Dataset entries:
lemma deviation_le_window_deviation:
  "x \<in> {real k..real k + 1} \<Longrightarrow> \<bar>f x - 2\<bar> \<le> window_deviation k"
  unfolding window_deviation_def by (rule cSUP_upper[OF _ bdd_above_deviation])

lemma window_deviation_nonneg: "0 \<le> window_deviation k"
  using deviation_le_window_deviation[of "real k" k] by simp

lemma window_deviation_Suc_le:
  assumes "1 \<le> k"
  shows "window_deviation (Suc k) \<le> window_deviation k / 2"
proof -
  define M where "M = max (window_deviation k) (window_deviation (Suc k))"
  have "\<bar>f x - 2\<bar> \<le> M / 2" if x: "x \<in> {real (Suc k)..real (Suc k) + 1}" for x
  proof (rule deviation_contraction)
    show "1 < x" using x assms by simp
    show "\<bar>f y - 2\<bar> \<le> M" if y: "y \<in> {x-1..x}" for y
      using deviation_le_window_deviation[of y k] deviation_le_window_deviation[of y "Suc k"] x y
      by (cases "y \<le> real k + 1") (auto simp: M_def)
  qed
  then have "window_deviation (Suc k) \<le> M / 2"
    unfolding window_deviation_def[of "Suc k"] by (intro cSUP_least) auto
  \<comment> \<open>If the maximum were the second argument, it would be at most half of itself, hence 0.\<close>
  then show ?thesis
    using window_deviation_nonneg[of k] by (auto simp: M_def max_def split: if_splits)
qed

lemma window_deviation_le_geometric:
  assumes "1 \<le> k"
  shows "window_deviation k \<le> 2 * window_deviation 1 / 2^k"
  using assms
proof (induction k rule: dec_induct)
  case (step k)
  then show ?case
    using window_deviation_Suc_le[of k] by (simp add: divide_right_mono)
qed simp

> _INSTRUCTIONS TO FOLLOW_
Check each line in the records above for the word "using". Return those that have it.

> _OUTPUT FOR THIS EXERCISE_
  using deviation_le_window_deviation[of "real k" k] by simp
    show "1 < x" using x assms by simp
      using deviation_le_window_deviation[of y k] deviation_le_window_deviation[of y "Suc k"] x y
    using window_deviation_nonneg[of k] by (auto simp: M_def max_def split: if_splits)
  using assms
    using window_deviation_Suc_le[of k] by (simp add: divide_right_mono)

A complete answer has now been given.